• _Directions for this task_
Look below for the line containing "M \<tau> = (\<tau>, acc_work" and the line containing "wellformed M \<and>"; repeat exactly those two lines and all lines between them, and nothing else.

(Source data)
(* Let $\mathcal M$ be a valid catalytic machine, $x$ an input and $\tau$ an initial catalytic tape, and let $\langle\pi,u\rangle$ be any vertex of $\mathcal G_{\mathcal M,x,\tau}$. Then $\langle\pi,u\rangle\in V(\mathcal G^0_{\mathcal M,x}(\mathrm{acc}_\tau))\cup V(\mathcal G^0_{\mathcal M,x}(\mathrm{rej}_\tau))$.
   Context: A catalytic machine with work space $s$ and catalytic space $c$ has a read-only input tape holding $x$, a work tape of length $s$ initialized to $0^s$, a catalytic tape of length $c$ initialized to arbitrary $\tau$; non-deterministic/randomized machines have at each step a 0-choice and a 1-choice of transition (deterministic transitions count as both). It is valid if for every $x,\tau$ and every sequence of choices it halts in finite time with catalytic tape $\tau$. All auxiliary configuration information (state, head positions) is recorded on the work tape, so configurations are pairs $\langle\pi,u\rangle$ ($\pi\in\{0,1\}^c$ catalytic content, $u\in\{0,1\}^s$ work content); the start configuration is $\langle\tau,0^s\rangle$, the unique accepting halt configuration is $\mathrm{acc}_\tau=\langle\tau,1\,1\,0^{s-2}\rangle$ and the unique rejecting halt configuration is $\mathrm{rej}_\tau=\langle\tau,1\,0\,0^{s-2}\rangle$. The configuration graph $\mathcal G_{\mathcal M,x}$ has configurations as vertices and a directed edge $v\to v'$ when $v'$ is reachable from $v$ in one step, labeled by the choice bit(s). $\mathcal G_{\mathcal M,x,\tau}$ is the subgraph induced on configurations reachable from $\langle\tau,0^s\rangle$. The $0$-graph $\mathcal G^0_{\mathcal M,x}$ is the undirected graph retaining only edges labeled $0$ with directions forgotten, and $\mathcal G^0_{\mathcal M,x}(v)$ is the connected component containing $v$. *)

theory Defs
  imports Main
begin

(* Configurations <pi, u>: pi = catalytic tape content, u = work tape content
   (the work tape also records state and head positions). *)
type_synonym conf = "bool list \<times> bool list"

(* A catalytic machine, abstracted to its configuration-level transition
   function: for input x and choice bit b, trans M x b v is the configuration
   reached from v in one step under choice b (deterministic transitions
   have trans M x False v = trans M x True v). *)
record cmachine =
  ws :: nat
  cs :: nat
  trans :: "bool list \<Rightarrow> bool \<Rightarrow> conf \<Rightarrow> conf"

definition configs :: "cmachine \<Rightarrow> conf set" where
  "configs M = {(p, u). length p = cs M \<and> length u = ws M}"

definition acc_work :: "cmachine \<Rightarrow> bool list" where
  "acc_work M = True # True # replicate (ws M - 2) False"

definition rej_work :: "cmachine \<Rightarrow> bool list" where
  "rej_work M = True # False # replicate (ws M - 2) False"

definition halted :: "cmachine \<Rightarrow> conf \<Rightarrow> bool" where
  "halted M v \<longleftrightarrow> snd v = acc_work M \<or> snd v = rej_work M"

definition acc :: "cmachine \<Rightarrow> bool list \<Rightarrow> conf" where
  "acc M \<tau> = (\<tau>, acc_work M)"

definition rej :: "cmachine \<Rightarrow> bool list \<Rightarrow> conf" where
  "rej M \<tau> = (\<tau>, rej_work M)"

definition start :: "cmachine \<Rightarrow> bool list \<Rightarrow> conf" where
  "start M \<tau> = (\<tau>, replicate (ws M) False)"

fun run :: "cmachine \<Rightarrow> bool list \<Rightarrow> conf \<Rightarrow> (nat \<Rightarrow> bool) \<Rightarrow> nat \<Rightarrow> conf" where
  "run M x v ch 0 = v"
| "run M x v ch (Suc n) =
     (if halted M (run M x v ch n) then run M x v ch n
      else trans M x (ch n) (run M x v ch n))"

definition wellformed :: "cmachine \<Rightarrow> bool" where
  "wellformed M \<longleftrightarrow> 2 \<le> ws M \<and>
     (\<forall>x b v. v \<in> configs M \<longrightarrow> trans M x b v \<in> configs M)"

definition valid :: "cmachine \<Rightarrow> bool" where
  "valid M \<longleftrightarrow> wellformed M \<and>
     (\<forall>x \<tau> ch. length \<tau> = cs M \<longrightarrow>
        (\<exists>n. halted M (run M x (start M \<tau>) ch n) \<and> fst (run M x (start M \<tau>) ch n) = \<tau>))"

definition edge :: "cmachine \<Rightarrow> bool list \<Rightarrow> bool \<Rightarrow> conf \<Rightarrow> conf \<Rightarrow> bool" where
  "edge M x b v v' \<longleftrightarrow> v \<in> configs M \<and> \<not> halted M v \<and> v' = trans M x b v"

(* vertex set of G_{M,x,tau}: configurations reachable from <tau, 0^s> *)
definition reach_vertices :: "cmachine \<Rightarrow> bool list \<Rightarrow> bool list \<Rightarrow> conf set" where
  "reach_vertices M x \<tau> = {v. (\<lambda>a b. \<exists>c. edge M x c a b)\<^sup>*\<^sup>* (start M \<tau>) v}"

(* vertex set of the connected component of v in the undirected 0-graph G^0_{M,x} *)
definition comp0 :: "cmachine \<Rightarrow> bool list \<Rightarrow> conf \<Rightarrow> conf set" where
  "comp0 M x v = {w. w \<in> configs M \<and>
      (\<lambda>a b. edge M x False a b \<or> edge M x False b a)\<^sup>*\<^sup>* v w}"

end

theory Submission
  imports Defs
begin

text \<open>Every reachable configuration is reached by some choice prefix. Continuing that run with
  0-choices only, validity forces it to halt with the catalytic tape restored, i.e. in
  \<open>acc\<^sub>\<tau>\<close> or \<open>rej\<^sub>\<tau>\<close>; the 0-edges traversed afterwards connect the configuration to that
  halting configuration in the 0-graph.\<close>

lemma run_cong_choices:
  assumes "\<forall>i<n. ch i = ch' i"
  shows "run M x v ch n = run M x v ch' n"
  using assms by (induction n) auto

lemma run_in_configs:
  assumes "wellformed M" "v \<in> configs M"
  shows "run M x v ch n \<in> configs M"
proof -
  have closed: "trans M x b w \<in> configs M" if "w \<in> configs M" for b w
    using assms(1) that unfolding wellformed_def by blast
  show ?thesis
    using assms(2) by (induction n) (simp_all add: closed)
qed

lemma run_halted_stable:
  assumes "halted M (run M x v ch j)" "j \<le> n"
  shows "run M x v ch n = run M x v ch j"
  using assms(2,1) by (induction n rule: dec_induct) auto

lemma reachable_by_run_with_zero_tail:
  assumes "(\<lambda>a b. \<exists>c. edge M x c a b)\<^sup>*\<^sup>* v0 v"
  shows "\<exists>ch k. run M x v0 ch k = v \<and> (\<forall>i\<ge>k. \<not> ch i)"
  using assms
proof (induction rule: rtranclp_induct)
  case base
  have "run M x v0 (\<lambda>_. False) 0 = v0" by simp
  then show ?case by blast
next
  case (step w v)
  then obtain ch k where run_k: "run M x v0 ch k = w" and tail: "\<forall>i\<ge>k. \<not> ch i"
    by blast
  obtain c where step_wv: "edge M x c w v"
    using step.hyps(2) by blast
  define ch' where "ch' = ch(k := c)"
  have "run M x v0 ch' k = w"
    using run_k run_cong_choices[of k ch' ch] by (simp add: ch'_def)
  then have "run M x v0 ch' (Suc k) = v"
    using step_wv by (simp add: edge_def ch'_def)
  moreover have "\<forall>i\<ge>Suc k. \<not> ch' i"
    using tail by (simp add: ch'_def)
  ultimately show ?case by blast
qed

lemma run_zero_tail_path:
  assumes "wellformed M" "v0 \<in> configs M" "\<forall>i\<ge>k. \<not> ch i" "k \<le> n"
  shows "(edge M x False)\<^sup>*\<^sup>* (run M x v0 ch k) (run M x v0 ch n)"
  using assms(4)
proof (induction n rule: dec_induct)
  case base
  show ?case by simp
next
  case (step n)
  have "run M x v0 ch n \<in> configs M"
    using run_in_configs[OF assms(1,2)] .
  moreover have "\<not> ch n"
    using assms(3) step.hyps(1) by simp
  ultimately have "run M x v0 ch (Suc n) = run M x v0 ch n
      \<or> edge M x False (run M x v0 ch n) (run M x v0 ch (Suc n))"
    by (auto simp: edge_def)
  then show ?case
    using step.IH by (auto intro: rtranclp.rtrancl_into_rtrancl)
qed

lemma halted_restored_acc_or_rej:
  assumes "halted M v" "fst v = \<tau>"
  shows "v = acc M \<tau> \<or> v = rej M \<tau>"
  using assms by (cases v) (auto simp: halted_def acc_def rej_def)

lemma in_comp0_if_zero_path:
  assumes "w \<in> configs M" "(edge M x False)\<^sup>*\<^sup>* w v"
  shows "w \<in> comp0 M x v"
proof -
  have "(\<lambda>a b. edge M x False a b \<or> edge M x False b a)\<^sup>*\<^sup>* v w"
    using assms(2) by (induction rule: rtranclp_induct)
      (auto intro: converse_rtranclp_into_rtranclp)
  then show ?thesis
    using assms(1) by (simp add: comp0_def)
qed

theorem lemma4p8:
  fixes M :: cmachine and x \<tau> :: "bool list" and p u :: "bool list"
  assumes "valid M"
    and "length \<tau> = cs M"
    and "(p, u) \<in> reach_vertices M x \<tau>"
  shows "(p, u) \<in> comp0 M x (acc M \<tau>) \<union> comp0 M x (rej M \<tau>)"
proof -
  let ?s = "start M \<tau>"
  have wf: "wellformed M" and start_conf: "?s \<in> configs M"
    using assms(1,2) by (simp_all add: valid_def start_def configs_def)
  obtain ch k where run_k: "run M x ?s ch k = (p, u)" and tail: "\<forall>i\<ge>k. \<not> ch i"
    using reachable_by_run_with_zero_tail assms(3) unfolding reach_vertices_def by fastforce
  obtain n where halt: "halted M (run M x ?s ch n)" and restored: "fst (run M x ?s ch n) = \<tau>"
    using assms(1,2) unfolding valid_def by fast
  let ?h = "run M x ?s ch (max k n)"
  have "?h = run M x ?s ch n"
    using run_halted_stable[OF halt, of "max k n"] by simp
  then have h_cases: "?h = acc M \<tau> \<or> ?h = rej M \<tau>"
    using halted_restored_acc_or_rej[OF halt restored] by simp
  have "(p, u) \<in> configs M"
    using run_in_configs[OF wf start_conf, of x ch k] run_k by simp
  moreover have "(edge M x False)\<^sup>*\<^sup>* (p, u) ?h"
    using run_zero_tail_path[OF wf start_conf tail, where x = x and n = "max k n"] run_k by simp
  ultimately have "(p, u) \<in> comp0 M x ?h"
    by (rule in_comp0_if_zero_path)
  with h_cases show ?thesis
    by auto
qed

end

• _Response area_
  "acc M \<tau> = (\<tau>, acc_work M)"

definition rej :: "cmachine \<Rightarrow> bool list \<Rightarrow> conf" where
  "rej M \<tau> = (\<tau>, rej_work M)"

definition start :: "cmachine \<Rightarrow> bool list \<Rightarrow> conf" where
  "start M \<tau> = (\<tau>, replicate (ws M) False)"

fun run :: "cmachine \<Rightarrow> bool list \<Rightarrow> conf \<Rightarrow> (nat \<Rightarrow> bool) \<Rightarrow> nat \<Rightarrow> conf" where
  "run M x v ch 0 = v"
| "run M x v ch (Suc n) =
     (if halted M (run M x v ch n) then run M x v ch n
      else trans M x (ch n) (run M x v ch n))"

definition wellformed :: "cmachine \<Rightarrow> bool" where
  "wellformed M \<longleftrightarrow> 2 \<le> ws M \<and>
     (\<forall>x b v. v \<in> configs M \<longrightarrow> trans M x b v \<in> configs M)"

definition valid :: "cmachine \<Rightarrow> bool" where
  "valid M \<longleftrightarrow> wellformed M \<and>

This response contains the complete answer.